» Required action
The answer is to be an exact copy of the lines below running from the line with "n \<Longrightarrow> Nt" down to the line with "unfolding set_Cs using L_cover by blast", both ends included, and nothing more.

» Records for the exercise
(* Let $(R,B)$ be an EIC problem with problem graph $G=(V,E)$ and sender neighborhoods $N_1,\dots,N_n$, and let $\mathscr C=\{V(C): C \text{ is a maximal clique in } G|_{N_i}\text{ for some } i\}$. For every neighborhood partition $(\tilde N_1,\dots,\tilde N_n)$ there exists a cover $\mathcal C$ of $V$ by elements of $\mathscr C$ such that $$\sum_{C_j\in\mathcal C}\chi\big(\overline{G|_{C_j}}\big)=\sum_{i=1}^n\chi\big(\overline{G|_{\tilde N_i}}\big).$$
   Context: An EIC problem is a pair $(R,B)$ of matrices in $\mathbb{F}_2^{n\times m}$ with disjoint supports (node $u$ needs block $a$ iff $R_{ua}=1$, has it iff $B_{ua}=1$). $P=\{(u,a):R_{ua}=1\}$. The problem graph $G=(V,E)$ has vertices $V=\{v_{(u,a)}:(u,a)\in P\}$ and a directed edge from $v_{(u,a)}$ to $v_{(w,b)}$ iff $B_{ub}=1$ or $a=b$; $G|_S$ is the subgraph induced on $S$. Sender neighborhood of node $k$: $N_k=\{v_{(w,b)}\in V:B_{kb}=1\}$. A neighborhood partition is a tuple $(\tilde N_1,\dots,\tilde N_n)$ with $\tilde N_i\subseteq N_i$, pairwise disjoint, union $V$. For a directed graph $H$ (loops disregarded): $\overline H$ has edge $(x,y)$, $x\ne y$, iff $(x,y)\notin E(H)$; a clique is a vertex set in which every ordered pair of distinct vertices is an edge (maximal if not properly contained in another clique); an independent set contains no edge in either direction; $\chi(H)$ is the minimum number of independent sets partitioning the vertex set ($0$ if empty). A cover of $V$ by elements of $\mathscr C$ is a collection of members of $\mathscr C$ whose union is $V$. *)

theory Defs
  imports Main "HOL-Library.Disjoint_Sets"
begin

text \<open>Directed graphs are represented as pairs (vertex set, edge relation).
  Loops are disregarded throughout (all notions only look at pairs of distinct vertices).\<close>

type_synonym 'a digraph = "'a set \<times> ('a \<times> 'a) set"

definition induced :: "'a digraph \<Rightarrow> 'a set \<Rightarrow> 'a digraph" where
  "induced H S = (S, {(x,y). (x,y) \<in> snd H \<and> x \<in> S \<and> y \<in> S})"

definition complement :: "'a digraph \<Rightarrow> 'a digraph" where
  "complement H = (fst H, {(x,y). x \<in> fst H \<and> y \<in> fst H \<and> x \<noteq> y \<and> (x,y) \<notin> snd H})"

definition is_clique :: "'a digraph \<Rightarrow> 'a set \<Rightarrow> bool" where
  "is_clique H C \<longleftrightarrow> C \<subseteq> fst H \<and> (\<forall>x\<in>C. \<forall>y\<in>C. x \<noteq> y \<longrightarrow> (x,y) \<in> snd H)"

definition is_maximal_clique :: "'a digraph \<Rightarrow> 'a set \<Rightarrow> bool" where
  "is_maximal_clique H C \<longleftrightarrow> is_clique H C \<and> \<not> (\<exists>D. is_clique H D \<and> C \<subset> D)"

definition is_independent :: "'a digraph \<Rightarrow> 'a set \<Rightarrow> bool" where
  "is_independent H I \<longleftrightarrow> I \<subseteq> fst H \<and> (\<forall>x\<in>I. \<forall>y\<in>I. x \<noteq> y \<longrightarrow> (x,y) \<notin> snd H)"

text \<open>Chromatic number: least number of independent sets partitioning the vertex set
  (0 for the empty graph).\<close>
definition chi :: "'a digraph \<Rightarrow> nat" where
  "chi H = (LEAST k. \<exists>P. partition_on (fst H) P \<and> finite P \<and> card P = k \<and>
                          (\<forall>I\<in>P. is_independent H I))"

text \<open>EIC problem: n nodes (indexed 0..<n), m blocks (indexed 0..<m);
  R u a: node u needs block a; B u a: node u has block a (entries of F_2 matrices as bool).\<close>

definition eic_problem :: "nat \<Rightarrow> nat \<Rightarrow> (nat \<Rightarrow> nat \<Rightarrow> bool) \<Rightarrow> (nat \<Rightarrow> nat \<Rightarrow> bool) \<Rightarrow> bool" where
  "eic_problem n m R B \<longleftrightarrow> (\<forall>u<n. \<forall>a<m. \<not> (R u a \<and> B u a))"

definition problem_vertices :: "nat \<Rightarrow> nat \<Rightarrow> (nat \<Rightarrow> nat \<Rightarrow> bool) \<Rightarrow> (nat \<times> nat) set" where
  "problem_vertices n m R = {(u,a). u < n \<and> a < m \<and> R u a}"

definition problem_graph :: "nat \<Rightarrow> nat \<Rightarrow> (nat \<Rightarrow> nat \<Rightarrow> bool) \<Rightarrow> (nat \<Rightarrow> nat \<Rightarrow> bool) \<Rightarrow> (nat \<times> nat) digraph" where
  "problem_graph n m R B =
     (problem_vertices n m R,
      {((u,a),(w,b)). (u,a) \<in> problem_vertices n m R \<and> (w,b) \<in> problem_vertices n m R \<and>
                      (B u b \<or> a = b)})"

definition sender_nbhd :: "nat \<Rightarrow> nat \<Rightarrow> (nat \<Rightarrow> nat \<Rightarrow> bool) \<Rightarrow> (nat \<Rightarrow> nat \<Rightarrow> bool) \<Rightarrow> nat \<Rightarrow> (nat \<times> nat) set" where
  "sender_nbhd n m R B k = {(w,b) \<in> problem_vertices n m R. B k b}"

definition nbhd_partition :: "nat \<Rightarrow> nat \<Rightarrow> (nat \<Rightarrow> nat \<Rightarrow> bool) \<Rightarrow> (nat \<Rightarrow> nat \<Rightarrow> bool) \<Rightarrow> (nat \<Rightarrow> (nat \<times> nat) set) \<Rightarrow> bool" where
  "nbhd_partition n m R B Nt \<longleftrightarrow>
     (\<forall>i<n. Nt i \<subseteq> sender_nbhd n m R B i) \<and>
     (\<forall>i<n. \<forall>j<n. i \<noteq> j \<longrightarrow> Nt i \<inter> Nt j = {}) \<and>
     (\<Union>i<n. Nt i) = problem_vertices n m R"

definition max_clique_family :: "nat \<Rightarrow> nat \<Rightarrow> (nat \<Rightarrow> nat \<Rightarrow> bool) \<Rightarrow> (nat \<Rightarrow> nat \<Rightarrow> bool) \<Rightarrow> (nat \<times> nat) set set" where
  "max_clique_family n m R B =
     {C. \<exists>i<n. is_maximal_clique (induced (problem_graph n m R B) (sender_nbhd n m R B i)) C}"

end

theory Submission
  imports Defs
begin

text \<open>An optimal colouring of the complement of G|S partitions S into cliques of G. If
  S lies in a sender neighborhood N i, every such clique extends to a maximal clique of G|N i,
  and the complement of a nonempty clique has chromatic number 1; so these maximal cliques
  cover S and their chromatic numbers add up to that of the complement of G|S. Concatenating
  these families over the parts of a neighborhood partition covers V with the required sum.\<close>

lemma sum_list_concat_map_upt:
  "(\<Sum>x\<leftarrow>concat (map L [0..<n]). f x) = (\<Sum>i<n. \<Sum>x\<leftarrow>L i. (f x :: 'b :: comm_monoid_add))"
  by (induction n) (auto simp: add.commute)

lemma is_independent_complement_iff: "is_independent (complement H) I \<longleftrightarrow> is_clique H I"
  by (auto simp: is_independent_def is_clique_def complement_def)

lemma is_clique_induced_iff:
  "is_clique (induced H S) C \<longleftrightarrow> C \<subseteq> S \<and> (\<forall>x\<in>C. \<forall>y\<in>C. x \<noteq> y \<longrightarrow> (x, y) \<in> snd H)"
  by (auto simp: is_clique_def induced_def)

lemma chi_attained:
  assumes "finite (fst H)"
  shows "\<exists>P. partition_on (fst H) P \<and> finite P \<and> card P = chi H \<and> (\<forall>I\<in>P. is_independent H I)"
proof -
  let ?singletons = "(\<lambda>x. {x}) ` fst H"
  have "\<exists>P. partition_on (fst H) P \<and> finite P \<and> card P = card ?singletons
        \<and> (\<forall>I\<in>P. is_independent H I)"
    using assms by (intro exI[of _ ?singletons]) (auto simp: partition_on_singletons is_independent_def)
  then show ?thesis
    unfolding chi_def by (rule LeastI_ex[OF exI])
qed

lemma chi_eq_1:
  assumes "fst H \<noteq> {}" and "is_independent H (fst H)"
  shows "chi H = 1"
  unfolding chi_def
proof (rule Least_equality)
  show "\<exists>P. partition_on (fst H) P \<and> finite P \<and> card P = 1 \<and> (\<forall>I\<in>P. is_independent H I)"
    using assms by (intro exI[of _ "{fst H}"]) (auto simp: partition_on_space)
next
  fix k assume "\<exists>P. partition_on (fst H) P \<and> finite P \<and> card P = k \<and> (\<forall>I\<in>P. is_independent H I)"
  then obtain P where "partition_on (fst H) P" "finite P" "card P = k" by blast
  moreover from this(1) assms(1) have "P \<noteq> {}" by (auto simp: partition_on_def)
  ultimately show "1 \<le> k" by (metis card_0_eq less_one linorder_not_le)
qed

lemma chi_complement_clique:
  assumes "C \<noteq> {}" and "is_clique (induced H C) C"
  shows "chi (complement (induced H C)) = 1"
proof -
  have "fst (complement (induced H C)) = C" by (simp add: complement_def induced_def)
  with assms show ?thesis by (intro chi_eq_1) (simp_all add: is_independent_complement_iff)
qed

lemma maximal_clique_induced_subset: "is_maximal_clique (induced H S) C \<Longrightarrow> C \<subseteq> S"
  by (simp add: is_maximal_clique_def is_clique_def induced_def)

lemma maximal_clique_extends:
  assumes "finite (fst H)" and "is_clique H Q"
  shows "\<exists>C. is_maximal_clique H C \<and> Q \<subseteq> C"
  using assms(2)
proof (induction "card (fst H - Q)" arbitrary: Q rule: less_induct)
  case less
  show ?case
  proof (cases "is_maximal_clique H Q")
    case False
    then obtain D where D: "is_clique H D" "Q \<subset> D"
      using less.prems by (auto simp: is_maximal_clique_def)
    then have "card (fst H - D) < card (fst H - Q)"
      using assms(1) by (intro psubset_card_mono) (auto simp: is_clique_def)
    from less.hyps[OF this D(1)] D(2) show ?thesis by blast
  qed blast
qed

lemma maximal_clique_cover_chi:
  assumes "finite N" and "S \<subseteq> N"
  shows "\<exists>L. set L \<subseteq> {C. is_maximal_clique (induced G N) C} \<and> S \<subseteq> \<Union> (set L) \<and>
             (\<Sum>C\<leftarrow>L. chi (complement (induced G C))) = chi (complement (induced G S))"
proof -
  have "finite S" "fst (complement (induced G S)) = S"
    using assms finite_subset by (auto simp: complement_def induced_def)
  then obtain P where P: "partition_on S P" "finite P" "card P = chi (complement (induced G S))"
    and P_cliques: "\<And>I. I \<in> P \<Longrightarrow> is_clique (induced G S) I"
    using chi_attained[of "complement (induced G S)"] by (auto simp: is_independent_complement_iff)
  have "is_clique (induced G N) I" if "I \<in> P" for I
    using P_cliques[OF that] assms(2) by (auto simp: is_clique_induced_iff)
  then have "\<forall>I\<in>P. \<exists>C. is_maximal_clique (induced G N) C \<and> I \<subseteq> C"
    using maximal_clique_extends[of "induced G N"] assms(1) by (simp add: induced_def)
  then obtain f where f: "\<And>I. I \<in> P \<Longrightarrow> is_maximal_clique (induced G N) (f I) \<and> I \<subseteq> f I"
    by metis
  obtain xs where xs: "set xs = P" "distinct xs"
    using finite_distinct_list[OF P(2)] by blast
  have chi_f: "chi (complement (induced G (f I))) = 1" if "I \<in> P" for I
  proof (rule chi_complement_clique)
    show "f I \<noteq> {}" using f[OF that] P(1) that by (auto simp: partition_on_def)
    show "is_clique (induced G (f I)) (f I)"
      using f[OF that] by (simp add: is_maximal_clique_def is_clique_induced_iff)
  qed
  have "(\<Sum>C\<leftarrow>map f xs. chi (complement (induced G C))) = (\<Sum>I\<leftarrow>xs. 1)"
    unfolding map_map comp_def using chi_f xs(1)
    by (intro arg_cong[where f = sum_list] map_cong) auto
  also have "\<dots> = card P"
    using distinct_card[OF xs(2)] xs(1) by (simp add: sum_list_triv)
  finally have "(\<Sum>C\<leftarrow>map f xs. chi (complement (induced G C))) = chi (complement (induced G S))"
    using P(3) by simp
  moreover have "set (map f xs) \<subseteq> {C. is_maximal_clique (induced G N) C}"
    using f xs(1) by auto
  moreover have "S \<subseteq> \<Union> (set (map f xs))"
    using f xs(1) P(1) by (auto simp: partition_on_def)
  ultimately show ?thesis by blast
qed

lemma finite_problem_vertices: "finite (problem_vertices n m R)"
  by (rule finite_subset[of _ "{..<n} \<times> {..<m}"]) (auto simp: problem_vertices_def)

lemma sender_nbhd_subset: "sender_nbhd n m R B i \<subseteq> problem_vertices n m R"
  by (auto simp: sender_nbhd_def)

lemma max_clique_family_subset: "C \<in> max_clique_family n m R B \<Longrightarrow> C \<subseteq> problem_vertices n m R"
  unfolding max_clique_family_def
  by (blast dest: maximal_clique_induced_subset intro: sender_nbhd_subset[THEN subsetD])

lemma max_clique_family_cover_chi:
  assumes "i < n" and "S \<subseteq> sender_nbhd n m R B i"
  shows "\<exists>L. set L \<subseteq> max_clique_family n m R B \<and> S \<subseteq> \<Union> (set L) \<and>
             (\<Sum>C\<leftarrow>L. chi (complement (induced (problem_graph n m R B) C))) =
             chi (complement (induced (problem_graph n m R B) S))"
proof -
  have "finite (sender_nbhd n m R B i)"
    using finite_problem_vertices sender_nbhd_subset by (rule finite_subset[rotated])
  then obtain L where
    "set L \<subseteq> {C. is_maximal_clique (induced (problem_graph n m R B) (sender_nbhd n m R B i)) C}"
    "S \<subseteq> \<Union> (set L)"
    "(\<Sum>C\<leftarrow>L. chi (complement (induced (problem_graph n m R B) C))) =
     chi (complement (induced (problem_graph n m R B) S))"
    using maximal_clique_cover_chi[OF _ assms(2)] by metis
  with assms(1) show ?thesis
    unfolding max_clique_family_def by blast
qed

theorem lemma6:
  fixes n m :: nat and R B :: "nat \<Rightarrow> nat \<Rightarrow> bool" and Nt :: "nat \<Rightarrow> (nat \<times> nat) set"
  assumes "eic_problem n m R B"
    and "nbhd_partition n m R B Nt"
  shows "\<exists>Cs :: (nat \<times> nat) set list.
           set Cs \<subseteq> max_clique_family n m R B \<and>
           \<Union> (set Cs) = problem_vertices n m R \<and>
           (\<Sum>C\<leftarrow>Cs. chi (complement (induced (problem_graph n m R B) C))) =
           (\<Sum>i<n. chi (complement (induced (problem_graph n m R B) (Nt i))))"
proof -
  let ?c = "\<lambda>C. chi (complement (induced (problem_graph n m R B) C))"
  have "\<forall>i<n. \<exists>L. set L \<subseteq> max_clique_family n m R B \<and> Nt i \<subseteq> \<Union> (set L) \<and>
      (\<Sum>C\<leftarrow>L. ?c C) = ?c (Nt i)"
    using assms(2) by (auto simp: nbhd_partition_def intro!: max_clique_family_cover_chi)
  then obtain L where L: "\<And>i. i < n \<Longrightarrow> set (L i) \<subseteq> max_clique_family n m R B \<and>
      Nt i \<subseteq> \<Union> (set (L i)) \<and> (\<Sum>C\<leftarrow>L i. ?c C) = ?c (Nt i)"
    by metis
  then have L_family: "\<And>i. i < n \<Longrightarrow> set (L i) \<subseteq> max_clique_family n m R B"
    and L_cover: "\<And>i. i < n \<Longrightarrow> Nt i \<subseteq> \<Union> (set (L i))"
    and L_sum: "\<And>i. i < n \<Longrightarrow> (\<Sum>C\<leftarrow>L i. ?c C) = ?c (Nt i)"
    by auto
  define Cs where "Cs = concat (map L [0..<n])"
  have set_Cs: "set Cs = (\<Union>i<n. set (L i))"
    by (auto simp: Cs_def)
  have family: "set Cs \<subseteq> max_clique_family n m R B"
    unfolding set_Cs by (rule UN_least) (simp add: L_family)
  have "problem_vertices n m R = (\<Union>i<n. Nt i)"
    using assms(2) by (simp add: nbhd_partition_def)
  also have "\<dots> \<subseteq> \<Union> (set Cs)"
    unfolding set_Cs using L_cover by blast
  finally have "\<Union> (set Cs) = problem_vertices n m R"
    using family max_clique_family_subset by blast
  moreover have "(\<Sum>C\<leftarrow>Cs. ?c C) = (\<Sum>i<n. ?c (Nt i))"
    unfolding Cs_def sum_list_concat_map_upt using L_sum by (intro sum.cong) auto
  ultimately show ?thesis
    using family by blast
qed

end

» Response to this exercise
    and L_cover: "\<And>i. i < n \<Longrightarrow> Nt i \<subseteq> \<Union> (set (L i))"
    and L_sum: "\<And>i. i < n \<Longrightarrow> (\<Sum>C\<leftarrow>L i. ?c C) = ?c (Nt i)"
    by auto
  define Cs where "Cs = concat (map L [0..<n])"
  have set_Cs: "set Cs = (\<Union>i<n. set (L i))"
    by (auto simp: Cs_def)
  have family: "set Cs \<subseteq> max_clique_family n m R B"
    unfolding set_Cs by (rule UN_least) (simp add: L_family)
  have "problem_vertices n m R = (\<Union>i<n. Nt i)"
    using assms(2) by (simp add: nbhd_partition_def)
  also have "\<dots> \<subseteq> \<Union> (set Cs)"
    unfolding set_Cs using L_cover by blast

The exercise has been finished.